Everything We Didn't Say(21)



Juniper’s first meeting with Willa wasn’t what she’d hoped it would be at all. She hadn’t even gotten to touch her daughter, much less wrap her in the hug that Juniper’s arms were aching to give.

Seeing her daughter in Mr. Crawford’s office had been a sobering reality check. Still, like it or not, Willa was moving in with her, so Juniper did the only thing she knew to do and drove to her parents’ farm. Of course, the least disruptive solution was for Juniper to just move into the farmhouse with Willa, but she couldn’t bring herself to do it. In a way, she was getting exactly what she wanted—her daughter under the same roof—in the worst, most unimaginable way.

The door was unlocked, of course, and she helped herself to sheets from the linen closet, a faded quilt, and a lumpy feather pillow that had seen better days. The futon in the spare room of the bungalow would work in a pinch, and though Juniper wanted to set up Willa’s room with things that would make her feel comfortable and at home, she didn’t dare to enter the inner sanctum of her daughter’s bedroom. Never mind that it was Juniper’s old room and that her fingerprints surely crisscrossed every square inch. What she saw as unimpeachable, Willa would surely consider the gravest of sins.

But Juniper had already done her worst, even if she’d never been charged with any of it: perjury, obstruction of justice, trespass, abandonment. Was it treason to turn against your own flesh and blood? To wonder—even secretly, silently—if everything she believed to be true about her life was a lie? Juniper stood in her mother’s kitchen with old bedding clutched to her chest and wished that she could click her heels together and go back to a time before everything fell apart. Before there was blood blooming from Cal’s chest and spilled on the ground. Staining her fingers.

That kind of wistful magic didn’t exist. But maybe the secrets she had buried in the Iowa soil were just now bearing bitter fruit. Maybe all she had to do was take a scythe and harvest the truth. Hold it, firm and heavy, irrefutable in the palm of her hand.

As Juniper slipped back into her car, outfitted with the barest essentials for turning the bungalow into a home for two, her phone buzzed in her pocket.

“Do you have Willa?” Cora asked, skipping the niceties.

“No. I—”

“Good.” Cora cut her off. “I hate to be the one to tell you this, but someone poisoned Jonathan’s dog.”

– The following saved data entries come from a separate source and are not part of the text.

(* Let $W:\mathcal X\to\mathcal Y$ be a DMC with $|\mathcal Y|>2|\mathcal X|$ and fix any input distribution. Then there exist two distinct output letters $\alpha,\beta\in\mathcal Y$ whose merger yields a channel $Q$ with $$I(W)-I(Q)\le \mu(|\mathcal X|)\,|\mathcal Y|^{-\frac{|\mathcal X|+1}{|\mathcal X|-1}},$$ where $\mu(n)=\frac{2}{n-1}\nu(n)$.
   Context: $\mathcal X,\mathcal Y$ are finite disjoint sets with $|\mathcal X|\ge 2$; $W:\mathcal X\to\mathcal Y$ is a discrete memoryless channel with transition probabilities $W(y|x)$. An input distribution $\pi(x)>0$ is fixed and output probabilities $\pi(y)=\sum_x\pi(x)W(y|x)$ are assumed positive. $I(\cdot)$ denotes input–output mutual information (natural log) under this input distribution. Merging two distinct output letters $\alpha,\beta$ produces the channel $Q$ with output alphabet $(\mathcal Y\setminus\{\alpha,\beta\})\cup\{\gamma\}$, $Q(\gamma|x)=W(\alpha|x)+W(\beta|x)$ and $Q(y|x)=W(y|x)$ otherwise. The constant is $$\nu(n)=\frac{\pi n(n-1)}{2\left(\sqrt{1+\frac{1}{2(n-1)}}-1\right)^2}\left(\frac{2n}{\Gamma\!\left(1+\frac{n-1}{2}\right)}\right)^{\frac{2}{n-1}},$$ with $\pi=3.14159\ldots$ and $\Gamma$ the Gamma function. *)

theory Defs
  imports "HOL-Analysis.Analysis"
begin

text \<open>A DMC from input alphabet X to output alphabet Y is a function W x y = W(y|x).\<close>
definition is_channel :: "'a set \<Rightarrow> 'b set \<Rightarrow> ('a \<Rightarrow> 'b \<Rightarrow> real) \<Rightarrow> bool" where
  "is_channel X Y W \<longleftrightarrow> (\<forall>x\<in>X. (\<forall>y\<in>Y. W x y \<ge> 0) \<and> (\<Sum>y\<in>Y. W x y) = 1)"

definition out_prob :: "'a set \<Rightarrow> ('a \<Rightarrow> real) \<Rightarrow> ('a \<Rightarrow> 'b \<Rightarrow> real) \<Rightarrow> 'b \<Rightarrow> real" where
  "out_prob X p W y = (\<Sum>x\<in>X. p x * W x y)"

definition mutual_info :: "'a set \<Rightarrow> 'b set \<Rightarrow> ('a \<Rightarrow> real) \<Rightarrow> ('a \<Rightarrow> 'b \<Rightarrow> real) \<Rightarrow> real" where
  "mutual_info X Y p W =
     (\<Sum>x\<in>X. \<Sum>y\<in>Y. if p x * W x y = 0 then 0
        else p x * W x y * ln (W x y / out_prob X p W y))"

text \<open>Merging letters alpha, beta: new output alphabet is (Y - {alpha,beta}) with Some-tags,
  plus the fresh letter gamma = None.\<close>
definition merged_alphabet :: "'b set \<Rightarrow> 'b \<Rightarrow> 'b \<Rightarrow> 'b option set" where
  "merged_alphabet Y \<alpha> \<beta> = Some ` (Y - {\<alpha>, \<beta>}) \<union> {None}"

definition merge_channel :: "('a \<Rightarrow> 'b \<Rightarrow> real) \<Rightarrow> 'b \<Rightarrow> 'b \<Rightarrow> 'a \<Rightarrow> 'b option \<Rightarrow> real" where
  "merge_channel W \<alpha> \<beta> x z = (case z of None \<Rightarrow> W x \<alpha> + W x \<beta> | Some y \<Rightarrow> W x y)"

definition nu_const :: "nat \<Rightarrow> real" where
  "nu_const n = pi * real n * (real n - 1) /
      (2 * (sqrt (1 + 1 / (2 * (real n - 1))) - 1)^2)
      * (2 * real n / Gamma (1 + (real n - 1) / 2)) powr (2 / (real n - 1))"

definition mu_const :: "nat \<Rightarrow> real" where
  "mu_const n = 2 / (real n - 1) * nu_const n"

end

theory Submission
  imports Defs
begin
(* In the setting of the context, suppose that $m$, the order of $\sigma$, is prime. Then for every nonzero integer $k$, $\tilde{\mathfrak g}_{k\delta}=\pi_k(\mathfrak h)\otimes t^k$. Furthermore, if $\mathfrak g$ is a finite-dimensional simple Lie algebra, then $\tilde{\mathfrak g}_{k\delta}\subseteq\tilde{\mathfrak g}_c$.
   Context: All Lie algebras are over $\mathbb C$. An extended affine Lie algebra (EALA) is a triple $(\mathfrak g,(\cdot,\cdot),\mathfrak h)$ where $\mathfrak g$ is a Lie algebra, $\mathfrak h$ a subalgebra and $(\cdot,\cdot)$ a bilinear form such that: the form is symmetric, non-degenerate, invariant; $\mathfrak h$ is finite-dimensional and $\mathfrak g=\bigoplus_{\alpha\in\mathfrak h^*}\mathfrak g_\alpha$, $\mathfrak g_\alpha=\{x:[h,x]=\alpha(h)x\ \forall h\in\mathfrak h\}$, $\mathfrak g_0=\mathfrak h$; with root system $R=\{\alpha:\mathfrak g_\alpha\ne0\}$, $t_\alpha\in\mathfrak h$ given by $\alpha(h)=(h,t_\alpha)$, $(\alpha,\beta)=(t_\alpha,t_\beta)$, $R^\times=\{\alpha\in R:(\alpha,\alpha)\ne0\}$, $R^0=R\setminus R^\times$: $\mathrm{ad}\,x$ locally nilpotent for $x\in\mathfrak g_\alpha$, $\alpha\in R^\times$; $R$ discrete; $R^\times$ connected and isotropic roots non-isolated. Root systems are assumed reduced. A finite-dimensional simple Lie algebra with a Cartan subalgebra and (a multiple of) its Killing form is an EALA of this kind. The core of an EALA is the subalgebra generated by its non-isotropic root spaces. Setting: $(\mathfrak g,(\cdot,\cdot),\mathfrak h)$ is an EALA with root system $R$; $\sigma$ is an automorphism of $\mathfrak g$ with $\sigma^m=\mathrm{id}$, $\sigma(\mathfrak h)=\mathfrak h$, $(\sigma x,\sigma y)=(x,y)$, and $C_{\mathfrak g^\sigma}(\mathfrak h^\sigma)=\mathfrak h^\sigma$ ($\mathfrak g^\sigma,\mathfrak h^\sigma$ fixed points, $C$ centralizer). $\sigma$ acts on $\mathfrak h^*$ by $\sigma(\alpha)(h)=\alpha(\sigma^{-1}h)$. Let $\omega$ be a primitive $m$-th root of unity, $\mathfrak g^{\bar i}=\{x:\sigma(x)=\omega^ix\}$, $\pi_j=\frac1m\sum_{i=0}^{m-1}\omega^{-ij}\sigma^i$ (indices mod $m$), $\pi=\pi_0$. Assume some $\alpha\in R^\times$ has $(\pi(\alpha),\pi(\alpha))\ne0$. The affinization $\tilde{\mathfrak g}=\bigoplus_{i\in\mathbb Z}(\mathfrak g^{\bar i}\otimes t^i)\oplus\mathbb Cc\oplus\mathbb Cd$ has bracket $[x\otimes t^n+rc+sd,\,y\otimes t^{n'}+r'c+s'd]=[x,y]\otimes t^{n+n'}+n\delta_{n+n',0}(x,y)c+sn'\,y\otimes t^{n'}-s'n\,x\otimes t^n$ and form $(x\otimes t^n+rc+sd,\,y\otimes t^{n'}+r'c+s'd)=\delta_{n+n',0}(x,y)+rs'+r's$; with $\tilde{\mathfrak h}=\mathfrak h^\sigma\oplus\mathbb Cc\oplus\mathbb Cd$, it is an EALA (a known fact) with root spaces $\tilde{\mathfrak g}_{\tilde\alpha}$ ($\tilde\alpha\in\tilde{\mathfrak h}^*$) and core $\tilde{\mathfrak g}_c$. $\delta\in\tilde{\mathfrak h}^*$ vanishes on $\mathfrak h^\sigma\oplus\mathbb Cc$ with $\delta(d)=1$. *)

theory Defs
  imports "HOL-Analysis.Analysis"
begin

text \<open>A complex Lie algebra is modelled on the whole carrier of a type 'a
(an abelian group) with an explicit complex scalar multiplication sc and bracket br.\<close>

definition lie_algebra :: "(complex \<Rightarrow> 'a::ab_group_add \<Rightarrow> 'a) \<Rightarrow> ('a \<Rightarrow> 'a \<Rightarrow> 'a) \<Rightarrow> bool" where
  "lie_algebra sc br \<longleftrightarrow> vector_space sc
     \<and> (\<forall>x y z. br (x + y) z = br x z + br y z)
     \<and> (\<forall>c x y. br (sc c x) y = sc c (br x y))
     \<and> (\<forall>x. br x x = 0)
     \<and> (\<forall>x y z. br x (br y z) + br y (br z x) + br z (br x y) = 0)"

definition subalgebra :: "(complex \<Rightarrow> 'a::ab_group_add \<Rightarrow> 'a) \<Rightarrow> ('a \<Rightarrow> 'a \<Rightarrow> 'a) \<Rightarrow> 'a set \<Rightarrow> bool" where
  "subalgebra sc br A \<longleftrightarrow> module.subspace sc A \<and> (\<forall>x\<in>A. \<forall>y\<in>A. br x y \<in> A)"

“Diesel?” Juniper’s mind stumbled, trying to keep up. That sweet dog had lain by her feet throughout the entire sickening supper at her parents’ house only days before. Jonathan loved that dog.

Cora’s heavy sigh was confirmation enough. “Apparently the cops found him floating where Jonathan was pulled out. Either Jonathan was trying to rescue him, or…”

“Or what?”

“Look, I’m just telling you what I heard, Juniper. I wanted you to hear it from me.”

“So they think—what? It was a suicide pact? That if Jonathan was going to off himself, might as well take the dog, too?” Juniper pressed the side of her head to the cold window, trying to leech a little sanity from the cold pane. “Where did you hear this?”

“It’s Jericho,” Cora said. There was no need for more explanation.

“I have to go,” Juniper said. “I’m driving.”

But when she hung up, she sat in the icy car for so long that her fingers went numb.





CHAPTER 6


SUMMER 14 AND A HALF YEARS AGO



When Sullivan pulls down our driveway in his fancy new four-wheel-drive truck, Jonathan looks up from the mountain of pulled pork he’s devouring and raises one dark brow. “What’s he doing here?”

I know exactly how to needle him, so I lean with my elbow on my knee, chin in hand, and say all coy: “He’s here for me.”

We’re sitting on the porch steps, me flush against the banister and Jonathan hunched over a plate heaped with food he has balanced on his knees. It’s after eight o’clock, but he just got off work.

Normally when I sit with him at night, he teases me, tossing his filthy work gloves at me to get a rise, or regaling me with stories of his day. But he’s quiet tonight, and when his eyes snap over to mine, Jonathan’s not smiling. “You’re hanging out with Sullivan now?”

I shrug. “He’s my friend too.” Which isn’t strictly true. Sullivan is two years older than me—a senior when I was a sophomore—and our groups never overlapped. He ran with a wild crowd, a group of farmers’ kids and cowboys who never cared much about their grades or fitting in, and who spent their weekends splitting cases of cheap beer and shooting at stop signs on gravel roads. Their futures were determined the moment they were born: they’d work with their daddy, then take over his farm, marry a local girl, have babies, and start the cycle all over again. Me, I’ve never considered myself a local girl and I certainly don’t want to stay. Even after what feels like a lifetime here, I still don’t feel comfortable with townies who think Jericho is the whole wide world. Sullivan tops that list.

“Yeah,” Jonathan barks, wiping his mouth with the back of his hand. “You and Sullivan are besties, for sure.” He’s not happy.

“Lighten up,” I tell him. But my heart is beating faster than normal, and my mouth is dry as dust.